General GO annotation
There are two parts to a GO annotation: first, the association between a gene product and GO term; and second, the source and evidence used to make the association.
Each GO term represents an activity, process, or location in the cell of a gene product, and has a name (called the GO term name), a numerical identifier (called the GO ID), and a text definition. The first part of the annotation involves selecting GO term (see choosing the correct GO term).
Choosing the correct GO term (general)
When using GO terms -- or terms from any ontology -- always pay careful attention to the term definitions. They are usually more detailed, and often more informative, than the term names alone. For each annotation, ensure that the definition of the selected term accurately describes the experiment you are trying to capture, and that the results shown in the paper fit all parts of the term definition.

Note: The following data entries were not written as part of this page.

lemma minimizing_coefficients:
  fixes B :: "'a::real_vector set"
  assumes B: "finite B"
    and "{\<pi> Z | Z. Z \<in> span B \<and> X + Z \<in> A} \<noteq> {}" "bdd_below {\<pi> Z | Z. Z \<in> span B \<and> X + Z \<in> A}"
  obtains c where "\<forall>n. X + (\<Sum>v\<in>B. c n v *\<^sub>R v) \<in> A"
    "(\<lambda>n. \<pi> (\<Sum>v\<in>B. c n v *\<^sub>R v)) \<longlonglongrightarrow> rho A (span B) \<pi> X"
proof -
  have "{Z \<in> span B. X + Z \<in> A} \<noteq> {}" "bdd_below (\<pi> ` {Z \<in> span B. X + Z \<in> A})"
    using assms(2,3) by (auto simp: setcompr_eq_image)
  then obtain Zs where Zs: "\<forall>n. Zs n \<in> {Z \<in> span B. X + Z \<in> A}"
    and "(\<lambda>n. \<pi> (Zs n)) \<longlonglongrightarrow> Inf (\<pi> ` {Z \<in> span B. X + Z \<in> A})"
    by (rule minimizing_sequence)
  then have Zs_lim: "(\<lambda>n. \<pi> (Zs n)) \<longlonglongrightarrow> rho A (span B) \<pi> X"
    by (simp add: rho_def setcompr_eq_image)
  have "\<forall>n. \<exists>u. Zs n = (\<Sum>v\<in>B. u v *\<^sub>R v)"
    using Zs unfolding span_finite[OF B] by blast
  then obtain c where c: "\<forall>n. Zs n = (\<Sum>v\<in>B. c n v *\<^sub>R v)"
    by (rule choice[THEN exE])
  show thesis
  proof (rule that)
    show "\<forall>n. X + (\<Sum>v\<in>B. c n v *\<^sub>R v) \<in> A"
      using Zs c by simp
    show "(\<lambda>n. \<pi> (\<Sum>v\<in>B. c n v *\<^sub>R v)) \<longlonglongrightarrow> rho A (span B) \<pi> X"
      using Zs_lim c by simp
  qed
qed

lemma optimal_payoff_or_scalable_good_deal:
  fixes B :: "'a::{real_vector,topological_space} set"
  assumes tvs: "locally_convex_tvs TYPE('a)" and "closed A" and B: "finite B" "independent B"
    and \<pi>_lincomb: "\<And>u. \<pi> (\<Sum>v\<in>B. u v *\<^sub>R v) = (\<Sum>v\<in>B. u v * \<pi> v)"
    and feasible: "\<forall>n. X + (\<Sum>v\<in>B. c n v *\<^sub>R v) \<in> A"
    and minimizing: "(\<lambda>n. \<pi> (\<Sum>v\<in>B. c n v *\<^sub>R v)) \<longlonglongrightarrow> rho A (span B) \<pi> X"
  shows "optimal_payoffs A (span B) \<pi> X \<noteq> {} \<or>
    (\<exists>W. W \<in> asymptotic_cone A \<inter> {Z \<in> span B. \<pi> Z = 0} - {0})"
proof (cases "\<exists>K. \<forall>n. \<forall>v\<in>B. \<bar>c n v\<bar> \<le> K")
  case True
  then obtain K where "\<forall>n. \<forall>v\<in>B. \<bar>c n v\<bar> \<le> K"
    by blast
  then obtain r d where r: "strict_mono r" and d: "\<forall>v\<in>B. (\<lambda>n. c (r n) v) \<longlonglongrightarrow> d v"
    by (rule convergent_subseq_finite_family[OF B(1)])
  have "(\<lambda>n. \<pi> (\<Sum>v\<in>B. c (r n) v *\<^sub>R v)) \<longlonglongrightarrow> rho A (span B) \<pi> X"
    using LIMSEQ_subseq_LIMSEQ[OF minimizing r] by (simp add: o_def)
  moreover have "\<forall>n. X + (\<Sum>v\<in>B. c (r n) v *\<^sub>R v) \<in> A"
    using feasible by simp
  ultimately have "(\<Sum>v\<in>B. d v *\<^sub>R v) \<in> optimal_payoffs A (span B) \<pi> X"
    by (intro optimal_payoff_of_convergent_coefficients[OF tvs \<open>closed A\<close> B(1) \<pi>_lincomb _ _ d])
  then show ?thesis
    by blast
next
  case False
  have "Bseq (\<lambda>n. \<pi> (\<Sum>v\<in>B. c n v *\<^sub>R v))"
    using minimizing by (intro convergent_imp_Bseq convergentI)
  moreover obtain \<sigma> t d where "\<forall>n. t n > 0" "t \<longlonglongrightarrow> 0"
    "\<forall>v\<in>B. (\<lambda>n. t n * c (\<sigma> n) v) \<longlonglongrightarrow> d v" "\<exists>v\<in>B. d v \<noteq> 0"
    using False by (rule unbounded_finite_family_normalized_limit[OF B(1)])
  ultimately have "(\<Sum>v\<in>B. d v *\<^sub>R v) \<in> asymptotic_cone A \<inter> {Z \<in> span B. \<pi> Z = 0} - {0}"
    by (rule scalable_good_deal_of_unbounded_coefficients[OF tvs B \<pi>_lincomb feasible])
  then show ?thesis
    by blast
qed

theorem mainTheorem8:
  fixes ge :: "'a::{real_vector, t2_space, first_countable_topology} \<Rightarrow> 'a \<Rightarrow> bool"
    and M A :: "'a set" and \<pi> :: "'a \<Rightarrow> real"
  assumes tvs: "locally_convex_tvs TYPE('a)"
    and po: "partial_order_on UNIV {(x, y). ge y x}"
    and M_sub: "subspace M"
    and M_fin: "\<exists>B. finite B \<and> M = span B"
    and M_dim: "dim M > 1"
    and \<pi>_add: "\<forall>Z\<in>M. \<forall>W\<in>M. \<pi> (Z + W) = \<pi> Z + \<pi> W"
    and \<pi>_scale: "\<forall>Z\<in>M. \<forall>c::real. \<pi> (c *\<^sub>R Z) = c * \<pi> Z"
    and A1: "\<exists>U\<in>M \<inter> pos_cone ge. \<pi> U = 1"
    and A2_proper: "A \<subset> UNIV"
    and A2_closed: "closed A"
    and A2_zero: "0 \<in> A"
    and A2_mono: "\<forall>X\<in>A. \<forall>P\<in>pos_cone ge. X + P \<in> A"
    and A3_finite: "\<forall>X. {\<pi> Z | Z. Z \<in> M \<and> X + Z \<in> A} \<noteq> {} \<and>
                        bdd_below {\<pi> Z | Z. Z \<in> M \<and> X + Z \<in> A}"
    and A3_cont: "continuous_on UNIV (rho A M \<pi>)"
    and no_sgd: "asymptotic_cone A \<inter> {Z \<in> M. \<pi> Z = 0} = {0}"
  shows "\<forall>X. optimal_payoffs A M \<pi> X \<noteq> {}"
proof
  fix X
  from M_fin obtain B0 where "finite B0" "M = span B0"
    by blast
  then obtain B where B: "finite B" "independent B" and M: "M = span B"
    by (rule finite_basis_of_span)
  have "B \<subseteq> M"
    unfolding M by (rule span_superset)
  note \<pi>_lincomb = sum_scaleR_linear_on_span[OF M_sub \<pi>_add \<pi>_scale B(1) this]
  have "{\<pi> Z | Z. Z \<in> span B \<and> X + Z \<in> A} \<noteq> {}" "bdd_below {\<pi> Z | Z. Z \<in> span B \<and> X + Z \<in> A}"
    using A3_finite M by simp_all
  then obtain c where "\<forall>n. X + (\<Sum>v\<in>B. c n v *\<^sub>R v) \<in> A"
    "(\<lambda>n. \<pi> (\<Sum>v\<in>B. c n v *\<^sub>R v)) \<longlonglongrightarrow> rho A (span B) \<pi> X"
    by (rule minimizing_coefficients[OF B(1)])
  then have "optimal_payoffs A M \<pi> X \<noteq> {} \<or> (\<exists>W. W \<in> asymptotic_cone A \<inter> {Z \<in> M. \<pi> Z = 0} - {0})"
    unfolding M by (rule optimal_payoff_or_scalable_good_deal[OF tvs A2_closed B \<pi>_lincomb])
  with no_sgd show "optimal_payoffs A M \<pi> X \<noteq> {}"
    by blast
qed

end
(* Let $(S,\mathcal{S})$ be a measurable space with $\Delta\in\mathcal{S}\otimes\mathcal{S}$ and let $\pi$ be a constructive cr-set. Then there exists $F\in\mathcal{S}$ such that (i) $\pi\cap F$ possesses a version that is $\sigma$-finite on $\mathcal{S}$, and (ii) for all $A\in\mathcal{S}$, either $P((\pi\cap F^{c})\cap A\neq \emptyset)=0$ or $P(|(\pi\cap F^{c})\cap A|=\infty)>0$. Moreover, if two sets $F_{1},F_{2}\in\mathcal{S}$ both satisfy (i) and (ii), then $P(\pi\cap (F_{1}\triangle F_{2})\neq \emptyset)=0$.
   Context: $\Delta=\{(x,x)\mid x\in S\}$. $(\Omega,\mathcal{F},P)$ is a probability space; $C(S)$ is the set of countable subsets of $S$; $N_A(M)=|A\cap M|$; $\mathcal{C}(\mathcal{S})=\sigma(N_A\mid A\in\mathcal{S})$; a cr-set is an $\mathcal{F}$-$\mathcal{C}(\mathcal{S})$ measurable map $\Omega\to C(S)$, finite if its values are finite sets. A map $\tau:\Omega\to C(S)$ is constructive if $\tau(\omega)=\bigcup_k\pi_k(\omega)$ for all $\omega$ for some finite cr-sets $\pi_k$, $k\in\mathbb{N}$. For $A\in\mathcal{S}$, $\pi\cap A$ denotes the cr-set $\omega\mapsto\pi(\omega)\cap A$. A version of a cr-set $\pi$ is a cr-set $\pi'$ with $\pi'(\omega)=\pi(\omega)$ for all $\omega$ outside a $P$-null set in $\mathcal{F}$. A map $\tau$ is $\sigma$-finite on $\mathcal{S}$ if there are $A_n\in\mathcal{S}$ with $S=\bigcup_nA_n$ and $|\tau(\omega)\cap A_n|<\infty$ for all $\omega$ and $n$. *)

theory Defs
  imports "HOL-Probability.Probability"
begin

definition countable_subsets :: "'a measure \<Rightarrow> 'a set set" where
  "countable_subsets M = {X. X \<subseteq> space M \<and> countable X}"

definition Ncount :: "'a set \<Rightarrow> 'a set \<Rightarrow> enat" where
  "Ncount A X = (if finite (A \<inter> X) then enat (card (A \<inter> X)) else \<infinity>)"

text \<open>The measurable space (C(S), \<C>(\<S>)), where \<C>(\<S>) is the smallest sigma-algebra
  on C(S) making every N_A (A in \<S>) measurable into the discrete space of extended
  naturals; since that codomain is countable, it is generated by the sets
  {X. N_A X = k}.\<close>
definition cr_space :: "'a measure \<Rightarrow> 'a set measure" where
  "cr_space M = sigma (countable_subsets M)
     {{X \<in> countable_subsets M. Ncount A X = k} | A k. A \<in> sets M}"

definition cr_set :: "'b measure \<Rightarrow> 'a measure \<Rightarrow> ('b \<Rightarrow> 'a set) \<Rightarrow> bool" where
  "cr_set P M \<pi> \<longleftrightarrow> \<pi> \<in> measurable P (cr_space M)"

definition finite_cr_set :: "'b measure \<Rightarrow> 'a measure \<Rightarrow> ('b \<Rightarrow> 'a set) \<Rightarrow> bool" where
  "finite_cr_set P M \<pi> \<longleftrightarrow> cr_set P M \<pi> \<and> (\<forall>\<omega>\<in>space P. finite (\<pi> \<omega>))"

definition constructive :: "'b measure \<Rightarrow> 'a measure \<Rightarrow> ('b \<Rightarrow> 'a set) \<Rightarrow> bool" where
  "constructive P M \<tau> \<longleftrightarrow> (\<exists>\<pi>s :: nat \<Rightarrow> 'b \<Rightarrow> 'a set.
      (\<forall>k. finite_cr_set P M (\<pi>s k)) \<and> (\<forall>\<omega>\<in>space P. \<tau> \<omega> = (\<Union>k. \<pi>s k \<omega>)))"

definition is_version :: "'b measure \<Rightarrow> 'a measure \<Rightarrow> ('b \<Rightarrow> 'a set) \<Rightarrow> ('b \<Rightarrow> 'a set) \<Rightarrow> bool" where
  "is_version P M \<pi> \<pi>' \<longleftrightarrow> cr_set P M \<pi>' \<and>
     (\<exists>N\<in>null_sets P. \<forall>\<omega>\<in>space P - N. \<pi>' \<omega> = \<pi> \<omega>)"

definition sigma_finite_on :: "'b measure \<Rightarrow> 'a measure \<Rightarrow> ('b \<Rightarrow> 'a set) \<Rightarrow> bool" where
  "sigma_finite_on P M \<tau> \<longleftrightarrow> (\<exists>A :: nat \<Rightarrow> 'a set. (\<forall>n. A n \<in> sets M) \<and>
      (\<Union>n. A n) = space M \<and> (\<forall>\<omega>\<in>space P. \<forall>n. finite (\<tau> \<omega> \<inter> A n)))"

definition good_set :: "'b measure \<Rightarrow> 'a measure \<Rightarrow> ('b \<Rightarrow> 'a set) \<Rightarrow> 'a set \<Rightarrow> bool" where
  "good_set P M \<pi> F \<longleftrightarrow>
     (\<exists>\<pi>'. is_version P M (\<lambda>\<omega>. \<pi> \<omega> \<inter> F) \<pi>' \<and> sigma_finite_on P M \<pi>') \<and>
     (\<forall>A\<in>sets M.
        measure P {\<omega>\<in>space P. (\<pi> \<omega> \<inter> (space M - F)) \<inter> A \<noteq> {}} = 0 \<or>
        measure P {\<omega>\<in>space P. infinite ((\<pi> \<omega> \<inter> (space M - F)) \<inter> A)} > 0)"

To find a GO term, type text into the search box. When suggestions from the autocomplete feature appear, choose one and proceed. If your initial search does not find any suitable terms, try again with a broader term (some examples are provided in the specific sections below). Selecting a term takes you to a page where you can read the definition to confirm that it is applicable. More specific "child" terms will be shown (where available), and you can select one of these more specific terms in an iterative process. GO terms are organised in a hierarchical structure, and GO annotations should be as specific as possible to describe the data from your experiment. (More information on GO organisation is available on the GO web site.)

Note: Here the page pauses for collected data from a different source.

(* Let $n,t\geq 3$ be integers. If $t$ is odd, then for all $\mathbf u,\mathbf v\in D_{n,t-2}$ and $\mathbf w\in D^*_{n,t-2}$ the sets $E_1(\mathbf u)$, $E_2(\mathbf v)$, $E_3(\mathbf w)$ are pairwise disjoint. If $t$ is even, then for all $\mathbf u,\mathbf v,\mathbf w\in D^*_{n,t-2}$ the sets $E_1(\mathbf u)$, $E_2(\mathbf v)$, $E_3(\mathbf w)$ and $\{1^{t-2}\alpha1:\alpha\in[n]\}$ are pairwise disjoint. Moreover, for each $i\in\{1,2,3\}$, $E_i(\mathbf u)\cap E_i(\mathbf v)=\emptyset$ whenever $\mathbf u\neq\mathbf v$ are in the domain on which $E_i$ is defined.
   Context: For a positive integer $n$ let $[n]=\{1,\dots,n\}$; vertices of the Sierpiński graph $S(K_n,t)$ are words in $[n]^t$. Write $a^k$ for the word consisting of $k$ copies of the letter $a$, and $D^*_{n,s}=D_{n,s}\setminus\{1^s\}$. The sets $D_{n,t}\subseteq[n]^t$ are defined recursively: $D_{n,1}=\{1\}$, $D_{n,2}=\{11,21,\dots,n1\}$. For $t\geq 3$ and $\mathbf v=v_1\cdots v_{t-2}\in D_{n,t-2}$ put $E_1(\mathbf v)=\{v_1\cdots v_{t-2}\alpha\alpha:\alpha\in[n]\}$, $E_2(\mathbf v)=\{v_1\cdots v_{t-3}\alpha\beta v_{t-2}:\alpha,\beta\in[n]\setminus\{v_{t-2}\}\}$, and, if $\mathbf v$ is not a constant word, let $\ell$ be the largest index in $[t-3]$ with $v_\ell\neq v_{\ell+1}$ and put $E_3(\mathbf v)=\{v_1\cdots v_{\ell-1}v_{\ell+1}v_\ell^{\,t-\ell-2}\alpha v_\ell:\alpha\in[n]\setminus\{v_\ell\}\}$. If $t\geq 3$ is odd, $D_{n,t}=E_1(1^{t-2})\cup E_2(1^{t-2})\cup\bigcup_{\mathbf v\in D_{n,t-2}\setminus\{1^{t-2}\}}\big(E_1(\mathbf v)\cup E_2(\mathbf v)\cup E_3(\mathbf v)\big)$. If $t\geq 4$ is even, $D_{n,t}=\{1^{t-2}\alpha1:\alpha\in[n]\}\cup\bigcup_{\mathbf v\in D_{n,t-2}\setminus\{1^{t-2}\}}\big(E_1(\mathbf v)\cup E_2(\mathbf v)\cup E_3(\mathbf v)\big)$. (In this recursion $1^{t-2}\in D_{n,t-2}$ is the only constant word in $D_{n,t-2}$, so $E_3$ is applied only to non-constant words.) Here $E_1,E_2$ are defined on $D_{n,t-2}$ and $E_3$ on $D^*_{n,t-2}$. *)

theory Defs
  imports Main
begin

text \<open>Words in [n]^t are lists of naturals of length t with letters in {1..n};
  the i-th letter v_i (1-indexed) is v ! (i-1).\<close>

definition E1 :: "nat \<Rightarrow> nat list \<Rightarrow> nat list set" where
  "E1 n v = {v @ [a, a] | a. a \<in> {1..n}}"

definition E2 :: "nat \<Rightarrow> nat list \<Rightarrow> nat list set" where
  "E2 n v = {take (length v - 1) v @ [a, b, last v] | a b.
              a \<in> {1..n} - {last v} \<and> b \<in> {1..n} - {last v}}"

definition lidx :: "nat list \<Rightarrow> nat" where
  "lidx v = Max {l \<in> {1..length v - 1}. v ! (l - 1) \<noteq> v ! l}"

definition E3 :: "nat \<Rightarrow> nat list \<Rightarrow> nat list set" where
  "E3 n v = (let l = lidx v; m = length v in
     {take (l - 1) v @ [v ! l] @ replicate (m - l) (v ! (l - 1)) @ [a, v ! (l - 1)] | a.
        a \<in> {1..n} - {v ! (l - 1)}})"

fun D :: "nat \<Rightarrow> nat \<Rightarrow> nat list set" where
  "D n 0 = {}"
| "D n (Suc 0) = {[1]}"
| "D n (Suc (Suc 0)) = {[a, 1] | a. a \<in> {1..n}}"
| "D n (Suc (Suc (Suc k))) =
     (let t = k + 3; P = D n (Suc k); c = replicate (Suc k) 1 in
      if odd t then
        E1 n c \<union> E2 n c \<union> (\<Union>v \<in> P - {c}. E1 n v \<union> E2 n v \<union> E3 n v)
      else
        {c @ [a, 1] | a. a \<in> {1..n}} \<union> (\<Union>v \<in> P - {c}. E1 n v \<union> E2 n v \<union> E3 n v))"

definition Dstar :: "nat \<Rightarrow> nat \<Rightarrow> nat list set" where
  "Dstar n s = D n s - {replicate s 1}"

end

theory Submission imports Defs begin

text \<open>Every word of \<open>D n s\<close> has length \<open>s\<close> and is either \<open>1\<^sup>s\<close> or nonconstant.
  The families are then told apart by their last letters: words of \<open>E1 u\<close> end in \<open>a a\<close>,
  words of \<open>E2 v\<close> in \<open>a b e\<close> with \<open>a, b \<noteq> e\<close>, words of \<open>E3 w\<close> (\<open>w\<close> nonconstant) in \<open>c a c\<close>
  with \<open>a \<noteq> c\<close>, and the words \<open>1\<^sup>s a 1\<close> in \<open>1 a 1\<close>, which meets \<open>E1 u\<close> only for \<open>u = 1\<^sup>s\<close>.
  For injectivity of \<open>E3\<close>: a nonconstant word splits at its last change as \<open>p c d\<^sup>k\<close> with
  \<open>c \<noteq> d\<close>, \<open>k \<ge> 1\<close>, and its \<open>E3\<close>-words are \<open>p d c\<^sup>k a c\<close>; stripping the final block of
  \<open>c\<close>'s recovers \<open>p\<close>, \<open>d\<close> and \<open>k\<close>.\<close>

definition nonconstant :: "'a list \<Rightarrow> bool" where
  "nonconstant w \<longleftrightarrow> (\<exists>i. Suc i < length w \<and> w ! i \<noteq> w ! Suc i)"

See the "Specific branches of GO" sections below for more advice on choosing terms from each ontology aspect (cellular component, biological process, molecular function).
You will have the opportunity to request a new term if the most specific term available does not describe your gene product adequately.
Choosing the Evidence code
After selecting a GO term, you must choose the evidence code that best describes your experiment.
- Mutation(s) in a single gene: IMP (inferred from mutant phenotype)
- Mutations in more than one gene in the same strain: IGI (inferred from genetic interaction)
- Direct physical interaction of one single gene product with another: IPI (inferred from physical interaction)
- Direct assay of the location, complex, function or process: IDA (inferred from direct assay)
Data supporting the evidence
"With" field: IGI or IPI evidence requires that you indicate the interacting gene product. Choose the appropriate gene from the list you initially entered (or add genes to the list if necessary).
Editing, deleting and duplicating GO annotations
Edit: If you want to make changes to an annotation you have made, use the "Edit" link next to the annotation in the table. In the pop-up edit the appropriate fields, then click "OK".
Delete: The "Delete" link will ask you to confirm that you want to remove an annotation, and then delete it.
Copy and edit: The "Copy and edit" link in the table on a gene page allows you to make another annotation to the same gene. For example, you may want to indicate that genetic interactions with two different genes both support annotation to the same GO term. The interface works the same way as for editing an annotation, except that a new annotation is created, and the old annotation is retained without changes.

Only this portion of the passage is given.